— Огни!
— Сигналят, ура!
Это район Лельчиц, река Уборть. Район контролируют партизаны Сабурова.
Сели. В тишине хлопнула дверь. Запахло росистым лугом. Послышался рокот снижающегося самолета. Пока на руках закатывали в укрытие лунцевский «Дуглас», село еще несколько самолетов; из одного вышла, снимая шлем, улыбающаяся Гризодубова:
— Из-за вас, Тимофей Амвросиевич, нам тут дневку устраивать.
— Ничего, партизаны нас в обиду не дадут.
На лошадях поехали в лагерь Сабурова. Генерал Строкач, с пограничных годков не садившийся на коня, с радостью убедился, что наездник он по-прежнему уверенный и конь чутко слушается его.
Он обнимал прославленных партизанских командиров и комиссаров: Сабурова, Федорова Алексея, Бегму, Дружинина, Кизю, второго Федорова — Ивана, Маликова, Ковпака, Руднева, Мельника, Покровского. Подошел улыбающийся «товарищ Демьян» — секретарь ЦК КП(б)У Коротченко, поцеловались, заговорили о предстоящем совещании. Строкач привез утвержденный Ставкой план штаба по развертыванию боевой деятельности украинских партизан на весну — лето сорок третьего года. Красная Армия готовилась к битве за Харьков, Донбасс, Левобережье, за Днепр, и надо было согласовать с ее предстоящими наступлениями партизанскую тактику.

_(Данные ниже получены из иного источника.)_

section \<open>Upper bound on the level of a controlled Clifford\<close>

lemma controlled_conj_kron:
  assumes U: "unitary_mat N U" and Q: "Q \<in> carrier_mat N N" and a: "a \<in> pauli_basis"
  shows "block_diag N (1\<^sub>m N) U * kron a Q * adj (block_diag N (1\<^sub>m N) U)
           = kron a (1\<^sub>m N) * block_diag N Q (U * Q * adj U)
       \<or> block_diag N (1\<^sub>m N) U * kron a Q * adj (block_diag N (1\<^sub>m N) U)
           = kron a (1\<^sub>m N) * (block_diag N U (adj U) * block_diag N Q (U * Q * adj U))"
proof -
  have cU: "U \<in> carrier_mat N N" "adj U \<in> carrier_mat N N"
    using U unitary_mat_carrier unitary_mat_adj by blast+
  have adjC: "adj (block_diag N (1\<^sub>m N) U) = block_diag N (1\<^sub>m N) (adj U)"
    using adj_block_diag[OF one_carrier_mat cU(1)] by simp
  have cancel: "adj U * (U * (Q * adj U)) = Q * adj U"
  proof -
    have "adj U * (U * (Q * adj U)) = (adj U * U) * Q * adj U" using cU Q by (simp add: assoc_mult_square)
    also have "\<dots> = Q * adj U" using U Q cU by (simp add: unitary_mat_def)
    finally show ?thesis .
  qed
  note blocks = kron_pauli_blocks[OF Q] kron_pauli_blocks[OF one_carrier_mat]
  note smult_dim = mult_smult_assoc_dim mult_smult_distrib_dim
  from a consider "a = pauli_I" | "a = pauli_Z" | "a = pauli_X" | "a = pauli_Y"
    unfolding pauli_basis_def by blast
  then show ?thesis
  proof cases
    case 1
    show ?thesis unfolding \<open>a = pauli_I\<close> adjC blocks using Q cU by (simp add: block_mult)
  next
    case 2
    show ?thesis unfolding \<open>a = pauli_Z\<close> adjC blocks using Q cU by (simp add: block_mult smult_dim)
  next
    case 3
    show ?thesis unfolding \<open>a = pauli_X\<close> adjC blocks using Q cU by (simp add: block_mult cancel)
  next
    case 4
    show ?thesis unfolding \<open>a = pauli_Y\<close> adjC blocks using Q cU by (simp add: block_mult cancel smult_dim)
  qed
qed

lemma controlled_in_clifford_level:
  assumes U: "unitary_mat (2^n) U"
    and diag: "\<And>Q. Q \<in> pauli_group n \<Longrightarrow>
      block_diag (2^n) Q (U * Q * adj U) \<in> clifford_level (Suc n) (Suc k)"
    and twisted: "\<And>Q. Q \<in> pauli_group n \<Longrightarrow>
      block_diag (2^n) U (adj U) * block_diag (2^n) Q (U * Q * adj U) \<in> clifford_level (Suc n) (Suc k)"
  shows "block_diag (2^n) (1\<^sub>m (2^n)) U \<in> clifford_level (Suc n) (Suc (Suc k))"
proof -
  let ?C = "block_diag (2^n) (1\<^sub>m (2^n)) U"
  have "?C * P * adj ?C \<in> clifford_level (Suc n) (Suc k)" if P: "P \<in> pauli_group (Suc n)" for P
  proof -
    obtain a Q where P_eq: "P = kron a Q" and a: "a \<in> pauli_basis" and Q: "Q \<in> pauli_group n"
      using P by (rule pauli_group_SucE)
    have left: "kron a (1\<^sub>m (2^n)) * W \<in> clifford_level (Suc n) (Suc k)"
      if "W \<in> clifford_level (Suc n) (Suc k)" for W
      using clifford_level_mult_pauli_left[OF kron_one_pauli_group[OF a] that] .
    from controlled_conj_kron[OF U pauli_group_carrier[OF Q] a] show ?thesis
      unfolding P_eq using left[OF diag[OF Q]] left[OF twisted[OF Q]] by auto
  qed
  moreover have "unitary_mat (2^n) (1\<^sub>m (2^n))" by (simp add: unitary_mat_def)
  then have "unitary_mat (2^Suc n) ?C" using unitary_block_diag[OF _ U] by (simp add: mult_2)
  ultimately show ?thesis by (simp only: clifford_level.simps) blast
qed

lemma controlled_pauli_in_clifford_level_2:
  assumes U: "U \<in> pauli_group n"
  shows "block_diag (2^n) (1\<^sub>m (2^n)) U \<in> clifford_level (Suc n) 2"
proof -
  have diag: "block_diag (2^n) Q (U * Q * adj U) \<in> pauli_group (Suc n)" if "Q \<in> pauli_group n" for Q
    using block_diag_pauli_group[OF that pauli_group_conj[OF U that]] .
  have "block_diag (2^n) U (adj U) \<in> pauli_group (Suc n)"
    using block_diag_pauli_group[OF U] pauli_group_adj_cases[OF U] by blast
  then have "block_diag (2^n) (1\<^sub>m (2^n)) U \<in> clifford_level (Suc n) (Suc (Suc 0))"
    by (intro controlled_in_clifford_level) (auto simp: pauli_group_unitary[OF U] diag pauli_group_mult)
  then show ?thesis by (simp add: numeral_2_eq_2)
qed

lemma kron_pauli_I_in_clifford_level_2:
  assumes U: "U \<in> clifford_level n 2"
  shows "kron pauli_I U \<in> clifford_level (Suc n) 2"
proof -
  let ?N = "2^n::nat"
  have uU: "unitary_mat ?N U" using U unfolding clifford_level_2 by blast
  have cU: "U \<in> carrier_mat ?N ?N" "adj U \<in> carrier_mat ?N ?N"
    using uU unitary_mat_carrier unitary_mat_adj by blast+
  have I: "pauli_I \<in> pauli_basis" "pauli_I \<in> carrier_mat 2 2"
    by (simp_all add: pauli_basis_def pauli_basis_carrier)
  have adjK: "adj (kron pauli_I U) = kron pauli_I (adj U)"
    using adj_kron[OF I(2) cU(1)] pauli_basis_adj[OF I(1)] by simp
  have "unitary_mat (2 * ?N) (kron pauli_I U)"
    using uU kron_carrier_mat[OF I(2) cU(1)] pauli_basis_mult_self[OF I(1)] kron_one[of ?N]
    by (simp add: unitary_mat_def adjK kron_mult[OF I(2) I(2) cU(1,2)] kron_mult[OF I(2) I(2) cU(2,1)])
  moreover have "kron pauli_I U * P * adj (kron pauli_I U) \<in> pauli_group (Suc n)"
    if P: "P \<in> pauli_group (Suc n)" for P
  proof -
    obtain b Q where bQ: "P = kron b Q" "b \<in> pauli_basis" "Q \<in> pauli_group n"
      using P by (rule pauli_group_SucE)
    have cb: "b \<in> carrier_mat 2 2" and cQ: "Q \<in> carrier_mat ?N ?N"
      using pauli_basis_carrier[OF bQ(2)] pauli_group_carrier[OF bQ(3)] .
    have "kron pauli_I U * P * adj (kron pauli_I U) = kron (pauli_I * b * pauli_I) (U * Q * adj U)"
      unfolding adjK bQ(1) kron_mult[OF I(2) cb cU(1) cQ]
      by (rule kron_mult) (use I cb cU cQ in auto)
    also have "\<dots> = kron b (U * Q * adj U)"
      using cb by (simp add: paulis_mat2 flip: one_mat2)
    finally show ?thesis using pauli_group_SucI[OF bQ(2)] U bQ(3) unfolding clifford_level_2 by auto
  qed
  ultimately show ?thesis unfolding clifford_level_2 by simp
qed

lemma block_diag_pauli_in_clifford_level_2:
  assumes Q: "Q \<in> pauli_group n" and R: "R \<in> pauli_group n"
  shows "block_diag (2^n) Q R \<in> clifford_level (Suc n) 2"
proof -
  let ?N = "2^n::nat"
  have c: "Q \<in> carrier_mat ?N ?N" "adj Q \<in> carrier_mat ?N ?N" "R \<in> carrier_mat ?N ?N"
    using Q R pauli_group_carrier pauli_group_adj by blast+
  have "Q * (adj Q * R) = (Q * adj Q) * R" using c by (simp add: assoc_mult_square)
  then have "block_diag ?N Q R = kron pauli_I Q * block_diag ?N (1\<^sub>m ?N) (adj Q * R)"
    unfolding kron_pauli_blocks(1)[OF c(1)] using c pauli_group_mult_adj[OF Q] by (simp add: block_mult)
  moreover have "kron pauli_I Q \<in> clifford_level (Suc n) 2"
    using pauli_group_in_clifford_level_2[OF pauli_group_SucI[OF _ Q]] by (simp add: pauli_basis_def)
  moreover have "block_diag ?N (1\<^sub>m ?N) (adj Q * R) \<in> clifford_level (Suc n) 2"
    using controlled_pauli_in_clifford_level_2[OF pauli_group_mult[OF pauli_group_adj[OF Q] R]] .
  ultimately show ?thesis by (simp add: clifford_level_2_mult)
qed

lemma block_diag_adj_factor:
  assumes U: "unitary_mat N U"
  shows "block_diag N U (adj U) = block_diag N (1\<^sub>m N) (adj U * adj U) * kron pauli_I U"
proof -
  have c: "U \<in> carrier_mat N N" "adj U \<in> carrier_mat N N"
    using U unitary_mat_carrier unitary_mat_adj by blast+
  have "adj U * adj U * U = adj U * (adj U * U)" using c by (simp add: assoc_mult_square)
  then have "adj U * adj U * U = adj U" using U c by (simp add: unitary_mat_def)
  then show ?thesis unfolding kron_pauli_blocks(1)[OF c(1)] using c by (simp add: block_mult)
qed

Совещания с командирами соединений и отрядов. Парад партизан. Вручение боевых наград. Поездки в отдаленные отряды. Беседы с партизанами — командирами и бойцами. Многие часы ночных раздумий над картами — чаще всего с Демьяном Сергеевичем Коротченко, а потом радисты, сменяясь для еды и краткого сна, отправляли шифровки в Москву. «Целые простыни» передавали на Тверской бульвар, восемнадцать. Невероятная работоспособность Строкача и Коротченко не только поражала окружающих, но и требовала подражания. Они оба как будто соревновались в выносливости: после бессонной ночи, даже не забираясь в свой сооруженный из плащ-палатки «курень», брились, потом купались в прозрачной ласковой речонке Уборть, пришивали свежие подворотнички, чистили сапоги, наскоро завтракали — и опять были готовы работать, работать.

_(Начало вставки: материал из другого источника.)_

definition reeb :: "(('n::finite,'m::finite) pt \<Rightarrow> real) \<Rightarrow> 'm \<Rightarrow> ('n,'m) pt \<Rightarrow> ('n,'m) pt" where
  "reeb L k p = (0,
     (\<chi> j. - (\<Sum>i\<in>UNIV. matrix_inv (Wmat L p) $ i $ j * pv (pz L k) i p)),
     axis k 1)"

definition is_XEL :: "('n::finite,'m::finite) pt set \<Rightarrow> (('n,'m) pt \<Rightarrow> real) \<Rightarrow> (('n,'m) pt \<Rightarrow> ('n,'m) pt) \<Rightarrow> bool" where
  "is_XEL D L XE \<longleftrightarrow>
     (\<forall>p\<in>D. \<forall>k. lam L k p (XE p) = - energy L p) \<and>
     (\<forall>p\<in>D. \<forall>k. \<forall>w. d1form (lam L k) p (XE p) w =
         frechet_derivative (energy L) (at p) w
         - (\<Sum>k'\<in>UNIV. vf_apply (reeb L k') (energy L) p * lam L k' p w))"

definition dissipated :: "('n::finite,'m::finite) pt set \<Rightarrow> (('n,'m) pt \<Rightarrow> real) \<Rightarrow> (('n,'m) pt \<Rightarrow> ('n,'m) pt) \<Rightarrow> (('n,'m) pt \<Rightarrow> real) \<Rightarrow> bool" where
  "dissipated D L XE g \<longleftrightarrow>
     (\<forall>p\<in>D. vf_apply XE g p = - g p * (\<Sum>k\<in>UNIV. vf_apply (reeb L k) (energy L) p))"

end

theory Submission
  imports Defs
begin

Партизанские командиры поставили вопрос перед ЦК республики и штабом: какую политику вести в отношении отрядов украинских националистов? Участились случаи нападений и зверских расправ оуновцев с сочувствующим и помогающим партизанам населением. Генерал Строкач отвечал жестко, недвусмысленно: во-первых, разоблачать всеми методами; во-вторых, не вступать ни в какие контакты с ними, и особенно не позволять им навязывать хитроумные «договоры о нейтралитете»; в-третьих, помнить: борьба с гитлеризмом — главная задача времени, и если националисты первыми не нападают, самим не разворачивать против них боевых операций, но в то же время всеми средствами, вплоть до применения оружия, препятствовать им обижать население.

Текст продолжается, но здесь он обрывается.